Although the case is most famous for the principle enunciated above, the court also held that the fact that an earlier maintenance order may have been made erroneously should not have precluded the Master of the Rolls from hearing and determining the case rather than remitting it to the Lord Chancellor. (Note: The case was adjudicated by the Lord Chancellor, Lord Cottenham, after being remitted to him by the then Master of the Rolls, Lord Langdale MR. But the case included an application for variation of an order previously by Cottenham (he was earlier Sir Charles Pepys ). In the reported judgment of the final appeal he held that "I have no recollection of the case", referring to the earlier hearing.)

==Significance==
Although the rule is most often exercised where there is a sole trustee holding the trust fund on a bare trust for a sole beneficiary (usually where the trusts were held for the benefit of a tenant for life, who has died, and the sole beneficiary is the remainderman), the rule is not limited to those circumstances. However, if there is more than one beneficiary, then all of them need to be adults and without any disability.

There are a number of reasons why the beneficiaries may elect to do this. In Saunders v Vautier, the accumulation trusts were to continue until the beneficiary was 25, and (at 21) the beneficiary wished to terminate the accumulation. Similarly, if the trusts are held for a tenant for life, and then for the benefit of a remainderman, both tenant for life and remainderman may decide to terminate the trusts and obtain the capital immediately, and agree a partition of the funds between them; this situation often occurs where changes in the revenue laws means that upon the death of the tenant for life the trust fund may be subject to inheritance tax in a way that was not envisaged when the trust fund was originally set up.

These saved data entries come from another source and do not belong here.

lemma card_desc_ball:
  assumes "u \<in> tree_vert d"
  shows "card (desc_ball d u k) = (\<Sum>j<k. branching d u * d ^ j)"
proof -
  have "card (desc_ball d u k) = (\<Sum>j\<le>k. card (desc_sphere d u j))"
    unfolding desc_ball_eq_UN
    by (rule card_UN_disjoint) (use finite_desc_sphere in \<open>auto simp: desc_sphere_def\<close>)
  also have "\<dots> = (\<Sum>j<k. card (desc_sphere d u (Suc j)))"
    by (simp only: lessThan_Suc_atMost[symmetric] sum.lessThan_Suc_shift) simp
  finally show ?thesis
    using assms by (simp add: card_desc_sphere_Suc)
qed

lemma cone_ball_minus_self: "cone_ball d r u - {u} = desc_ball d u (r u)"
  unfolding cone_ball_def desc_ball_def by (auto dest: anc_le_length)

lemma real_card_desc_sphere:
  assumes "u \<in> tree_vert d" "d \<ge> 1"
  shows "real (card (desc_sphere d u k)) = branching d u / d * (real d ^ k - of_bool (k = 0))"
  using assms by (cases k) (simp_all add: card_desc_sphere_Suc)

lemma real_card_desc_ball:
  assumes "u \<in> tree_vert d" "d \<ge> 2"
  shows "real (card (desc_ball d u k)) = branching d u / (real d - 1) * (real d ^ k - 1)"
proof -
  have "real (card (desc_ball d u k)) = branching d u * (\<Sum>j<k. real d ^ j)"
    using assms(1) by (simp add: card_desc_ball sum_distrib_left)
  also have "\<dots> = branching d u * ((1 - real d ^ k) / (1 - real d))"
    using assms(2) by (simp add: sum_gp_strict)
  also have "\<dots> = branching d u / (real d - 1) * (real d ^ k - 1)"
    using assms(2) by (simp add: field_simps)
  finally show ?thesis .
qed

section \<open>Cone reachability\<close>

abbreviation ecard :: "'a set \<Rightarrow> ennreal" where
  "ecard A \<equiv> emeasure (count_space UNIV) A"

inductive_set cone_reach :: "nat \<Rightarrow> (nat list \<Rightarrow> nat) \<Rightarrow> nat list \<Rightarrow> nat list set"
  for d r u where
  start: "u \<in> cone_reach d r u"
| step: "y \<in> cone_reach d r u \<Longrightarrow> v \<in> cone_ball d r y \<Longrightarrow> v \<in> cone_reach d r u"

lemma cone_reached_eq_cone_reach: "cone_reached d r = cone_reach d r []"
proof
  have "cone_gen d r n \<subseteq> cone_reach d r []" for n
    by (induction n) (auto intro: cone_reach.intros)
  then show "cone_reached d r \<subseteq> cone_reach d r []"
    unfolding cone_reached_def by auto
next
  show "cone_reach d r [] \<subseteq> cone_reached d r"
  proof
    fix v assume "v \<in> cone_reach d r []"
    then show "v \<in> cone_reached d r"
    proof induction
      case start
      have "[] \<in> cone_gen d r 0" by simp
      then show ?case unfolding cone_reached_def by blast
    next
      case (step y v)
      then obtain n where "y \<in> cone_gen d r n"
        unfolding cone_reached_def by auto
      with step have "v \<in> cone_gen d r (Suc n)" by auto
      then show ?case unfolding cone_reached_def by blast
    qed
  qed
qed

lemma cone_reach_desc:
  assumes "x \<in> tree_vert d" "v \<in> cone_reach d r x"
  shows "v \<in> tree_vert d \<and> anc_le x v"
  using assms(2) by induction (auto simp: assms(1) cone_ball_def intro: anc_le_trans)

lemma emeasure_count_space_cone_reached:
  "emeasure (count_space (tree_vert d)) (cone_reached d r) = ecard (cone_reach d r [])"
proof -
  have "cone_reach d r [] \<subseteq> tree_vert d"
    using cone_reach_desc[OF Nil_in_tree_vert] by blast
  then show ?thesis
    by (simp add: cone_reached_eq_cone_reach emeasure_count_space)
qed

It has also been held that the rule in Saunders v Vautier also applies to discretionary trusts as well as fixed trusts. However, some caution is in order, as that decision was made at a time when the law was understood to require that a valid discretionary trust need to be able to draw up a complete list of the beneficiaries of the trust in order to be valid; subsequent to the decision of the House of Lords in McPhail v Doulton [1971] AC 424, this is no longer the appropriate test, (Note: In summary, a discretionary trust is now valid if, of any person it can be said whether they are within the class or not. Clearly such a test would not ordinarily lend itself to termination of the trusts under the rule in Saunders v Vautier, but there seems no reason in principle where a discretionary trust with a specific list of named beneficiaries could not terminate the trust under the rule.) and accordingly it may be that not all discretionary trusts are capable of being terminated by the beneficiaries under the rule.

Where the beneficiaries are all sui juris, and between them absolutely entitled to the trust property, they may require the trustees to end the trusts and distribute the funds as the beneficiaries agree.